lemma kfac_nonzero: "kfac a lam n m \<noteq> 0"
proof (cases "m = n")
  case False
  then have "\<alpha> n - \<alpha> m \<noteq> 0" using alpha_inj by force
  moreover have "\<alpha> n - lam m \<noteq> 0" using lam_neq_alpha by (metis eq_iff_diff_eq_0)
  ultimately show ?thesis using False kfac_eq by simp
qed (simp add: kfac_def)

lemma k_nonzero: "k n \<noteq> 0"
  using prodinf_nonzero[OF kfac_prod kfac_nonzero] lam_neq_alpha[of n n] b_nonzero[of n]
  by (simp add: kseq_def)

lemma bounded_functionalX_kfun: "bounded_functionalX X kfun"
  using bounded_functionalX_dual[OF k_dual] by (simp add: kfun_def[abs_def])

lemma kfun_lincomb:
  "inX X x \<Longrightarrow> inX X y \<Longrightarrow> kfun (\<lambda>n. p * x n + q * y n) = p * kfun x + q * kfun y"
proof -
  assume x: "inX X x" and y: "inX X y"
  have "kfun (\<lambda>n. p * x n + q * y n) = kfun (\<lambda>n. p * x n) + kfun (\<lambda>n. q * y n)"
    by (rule bounded_functionalXD(1)[OF bounded_functionalX_kfun inX_cmult[OF X x] inX_cmult[OF X y]])
  then show ?thesis
    using bounded_functionalXD(2)[OF bounded_functionalX_kfun x x] bounded_functionalXD(2)[OF bounded_functionalX_kfun y y]
    by simp
qed

lemma kfun_unit_vec: "kfun (unit_vec j) = k j"
  unfolding kfun_def by (subst suminf_finite[of "{j}"]) (auto simp: unit_vec_def)

text \<open>Testing \<open>k\<close> against the truncations of \<open>(|b\<^sub>n| conj(k\<^sub>n) / |k\<^sub>n|)\<close>.\<close>
lemma summable_norm_kb: "summable (\<lambda>n. norm (k n * b n))"
proof -
  obtain K where K0: "K \<ge> 0" and K: "\<And>x. inX X x \<Longrightarrow> norm (kfun x) \<le> K * normX X x"
    using bounded_functionalX_bound[OF X bounded_functionalX_kfun] by blast
  have "(\<Sum>n<N. norm (k n * b n)) \<le> K * (4 * normX X b)" for N
  proof -
    define x where "x n = (if n < N then of_real (norm (b n)) * cnj (k n) / of_real (norm (k n)) else 0)" for n
    have x_in: "inX X x" by (rule inX_finite_support[OF X, of N]) (auto simp: x_def)
    have "k n * x n = (if n < N then of_real (norm (k n * b n)) else 0)" for n
    proof (cases "n < N")
      case True
      have "k n * x n = of_real (norm (b n)) * (k n * cnj (k n)) / of_real (norm (k n))"
        using True by (simp add: x_def)
      also have "\<dots> = of_real (norm (b n)) * of_real (norm (k n))"
        using k_nonzero[of n] by (simp add: complex_norm_square[symmetric] power2_eq_square)
      finally show ?thesis using True by (simp add: norm_mult mult.commute)
    qed (simp add: x_def)
    then have "kfun x = of_real (\<Sum>n<N. norm (k n * b n))"
      unfolding kfun_def by (subst suminf_finite[of "{..<N}"]) auto
    then have "norm (kfun x) = (\<Sum>n<N. norm (k n * b n))"
      by (simp only: norm_of_real abs_of_nonneg sum_nonneg norm_ge_zero)
    then have "(\<Sum>n<N. norm (k n * b n)) \<le> K * normX X x"
      using K[OF x_in] by simp
    also have "normX X x \<le> 4 * (1 * normX X b + 0 * normX X b)"
      by (rule normX_dominated[OF X b_in b_in x_in]) (auto simp: x_def norm_mult norm_divide k_nonzero)
    finally show ?thesis using K0 by (simp add: mult_left_mono)
  qed
  then show ?thesis by (intro summableI_nonneg_bounded) auto
qed

lemma residue_coeff_eq:
  "residue_coeff \<alpha> lam {..<N} n = (\<alpha> n - lam n) * (\<Prod>m<N. kfac a lam n m)"
proof -
  have "(\<Prod>m<N. kfac a lam n m) = (\<Prod>m\<in>{..<N}-{n}. kfac a lam n m)"
    by (rule prod.mono_neutral_right) (auto simp: kfac_def)
  also have "\<dots> = (\<Prod>m\<in>{..<N}-{n}. (\<alpha> n - lam m) / (\<alpha> n - \<alpha> m))"
    by (rule prod.cong) (auto simp: kfac_eq)
  finally show ?thesis by (simp add: residue_coeff_def)
qed

lemma residue_coeff_limit: "(\<lambda>N. residue_coeff \<alpha> lam {..<N} n) \<longlonglongrightarrow> - (k n * b n)"
proof -
  have "(\<lambda>N. \<Prod>m<N. kfac a lam n m) \<longlonglongrightarrow> (\<Prod>m. kfac a lam n m)"
    using convergent_prod_LIMSEQ[OF kfac_prod[of n]]
      LIMSEQ_lessThan_iff_atMost[of "\<lambda>S. \<Prod>m\<in>S. kfac a lam n m"] by simp
  then have "(\<lambda>N. residue_coeff \<alpha> lam {..<N} n) \<longlonglongrightarrow> (\<alpha> n - lam n) * (\<Prod>m. kfac a lam n m)"
    unfolding residue_coeff_eq by (intro tendsto_mult tendsto_const)
  then show ?thesis using b_nonzero[of n] by (simp add: kseq_def)
qed

text \<open>The factors with \<open>m > n\<close> have modulus at least one, so the partial products grow in modulus.\<close>
lemma norm_residue_coeff_le:
  assumes "n < N"
  shows "norm (residue_coeff \<alpha> lam {..<N} n) \<le> norm (k n * b n)"
proof -
  have mono: "norm (\<Prod>m<N. kfac a lam n m) \<le> norm (\<Prod>m<M. kfac a lam n m)" if "N \<le> M" for M
    using that
  proof (induction M rule: dec_induct)
    case (step M)
    have "1 \<le> norm (kfac a lam n M)"
      using Re_kfac_ge_one[of n M] step assms complex_Re_le_cmod order_trans by force
    then show ?case
      using step by (simp add: norm_mult mult_le_cancel_left1 order_trans)
  qed simp
  have "(\<lambda>M. norm (residue_coeff \<alpha> lam {..<M} n)) \<longlonglongrightarrow> norm (k n * b n)"
    using tendsto_norm[OF residue_coeff_limit] by simp
  then show ?thesis
    by (rule LIMSEQ_le_const) (auto simp: residue_coeff_eq norm_mult intro!: exI[of _ N] mult_left_mono mono)
qed

lemma inverse_alpha_minus_lim: "\<mu> \<noteq> 0 \<Longrightarrow> (\<lambda>n. 1 / (\<alpha> n - \<mu>)) \<longlonglongrightarrow> 1 / (0 - \<mu>)"
  by (intro tendsto_intros alpha_lim) auto

text \<open>Dominated convergence (Tannery's theorem) applied to the partial fraction expansion of the
  finite products.\<close>
lemma ratio_prod_limit:
  assumes \<mu>0: "\<mu> \<noteq> 0" and \<mu>\<alpha>: "\<forall>n. \<mu> \<noteq> \<alpha> n"
  shows "(\<lambda>N. ratio_prod \<alpha> lam {..<N} \<mu>) \<longlonglongrightarrow> det_fun \<mu>"
proof -
  obtain B where B0: "0 \<le> B" and B: "\<And>n. norm (1 / (\<alpha> n - \<mu>)) \<le> B"
    using convergent_norm_bound[OF convergentI[OF inverse_alpha_minus_lim[OF \<mu>0]]] by blast
  define f where "f n N = (if n < N then residue_coeff \<alpha> lam {..<N} n / (\<mu> - \<alpha> n) else 0)" for n N
  have f_lim: "(\<lambda>N. f n N) \<longlonglongrightarrow> k n * (b n / (\<alpha> n - \<mu>))" for n
  proof -
    have "(\<lambda>N. residue_coeff \<alpha> lam {..<N} n / (\<mu> - \<alpha> n)) \<longlonglongrightarrow> - (k n * b n) / (\<mu> - \<alpha> n)"
      using \<mu>\<alpha> by (intro tendsto_divide residue_coeff_limit tendsto_const) auto
    moreover have "eventually (\<lambda>N. residue_coeff \<alpha> lam {..<N} n / (\<mu> - \<alpha> n) = f n N) sequentially"
      unfolding f_def eventually_sequentially by (intro exI[of _ "Suc n"]) auto
    moreover have "- (k n * b n) / (\<mu> - \<alpha> n) = k n * (b n / (\<alpha> n - \<mu>))"
      by (simp add: divide_simps) (simp add: algebra_simps)
    ultimately show ?thesis using Lim_transform_eventually by metis
  qed
  have f_bound: "norm (f n N) \<le> norm (k n * b n) * B" for n N
  proof (cases "n < N")
    case True
    then have "norm (f n N) = norm (residue_coeff \<alpha> lam {..<N} n) * norm (1 / (\<alpha> n - \<mu>))"
      by (simp add: f_def norm_divide norm_minus_commute)
    also have "\<dots> \<le> norm (k n * b n) * B"
      using norm_residue_coeff_le[OF True] B[of n] by (intro mult_mono) auto
    finally show ?thesis .
  qed (simp add: f_def B0)
  have "(\<lambda>N. \<Sum>n. f n N) \<longlonglongrightarrow> kfun (\<lambda>n. b n / (\<alpha> n - \<mu>))"
    using tannerys_theorem[of "\<lambda>n N. f n N", OF f_lim _ summable_mult2[OF summable_norm_kb, of B]]
    by (simp add: f_bound kfun_def always_eventually)
  moreover have "ratio_prod \<alpha> lam {..<N} \<mu> = 1 + (\<Sum>n. f n N)" for N
  proof -
    have "(\<Sum>n. f n N) = (\<Sum>n<N. residue_coeff \<alpha> lam {..<N} n / (\<mu> - \<alpha> n))"
      by (subst suminf_finite[of "{..<N}"]) (auto simp: f_def)
    then show ?thesis
      using \<mu>\<alpha> by (simp add: partial_fraction_expansion inj_on_def alpha_inj)
  qed
  ultimately show ?thesis
    unfolding det_fun_def by (simp add: tendsto_add[OF tendsto_const])
qed

lemma det_fun_lam_eq_zero:
  assumes "lam j \<noteq> 0"
  shows "det_fun (lam j) = 0"
proof -
  have "eventually (\<lambda>N. ratio_prod \<alpha> lam {..<N} (lam j) = 0) sequentially"
    unfolding eventually_sequentially ratio_prod_def
    by (intro exI[of _ "Suc j"] allI impI prod_zero) (auto intro!: bexI[of _ j])
  then have "(\<lambda>N. ratio_prod \<alpha> lam {..<N} (lam j)) \<longlonglongrightarrow> 0"
    by (rule tendsto_eventually)
  with ratio_prod_limit show ?thesis
    using assms lam_neq_alpha LIMSEQ_unique by metis
qed

lemma summable_kfac_zero:
  "summable (\<lambda>m. kfac a lam 0 m - 1)" "summable (\<lambda>m. norm (kfac a lam 0 m - 1) ^ 2)"
proof -
  have "convergent_prod (\<lambda>m. 1 + (kfac a lam 0 m - 1))"
    using kfac_prod[of 0] by simp
  moreover have "0 \<le> Re (kfac a lam 0 m - 1)" for m
    using Re_kfac_ge_one[of 0 m] by simp
  ultimately show "summable (\<lambda>m. kfac a lam 0 m - 1)" "summable (\<lambda>m. norm (kfac a lam 0 m - 1) ^ 2)"
    by (rule summable_if_convergent_prod, rule summable_norm_sq_if_convergent_prod)
qed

- **Aim of the exercise**
Among the entries above, locate the lines containing "(unit_vec j) = k" and "obtain K where", and transcribe exactly those two lines and all lines between.

- **Exercise result**
lemma kfun_unit_vec: "kfun (unit_vec j) = k j"
  unfolding kfun_def by (subst suminf_finite[of "{j}"]) (auto simp: unit_vec_def)

text \<open>Testing \<open>k\<close> against the truncations of \<open>(|b\<^sub>n| conj(k\<^sub>n) / |k\<^sub>n|)\<close>.\<close>
lemma summable_norm_kb: "summable (\<lambda>n. norm (k n * b n))"
proof -
  obtain K where K0: "K \<ge> 0" and K: "\<And>x. inX X x \<Longrightarrow> norm (kfun x) \<le> K * normX X x"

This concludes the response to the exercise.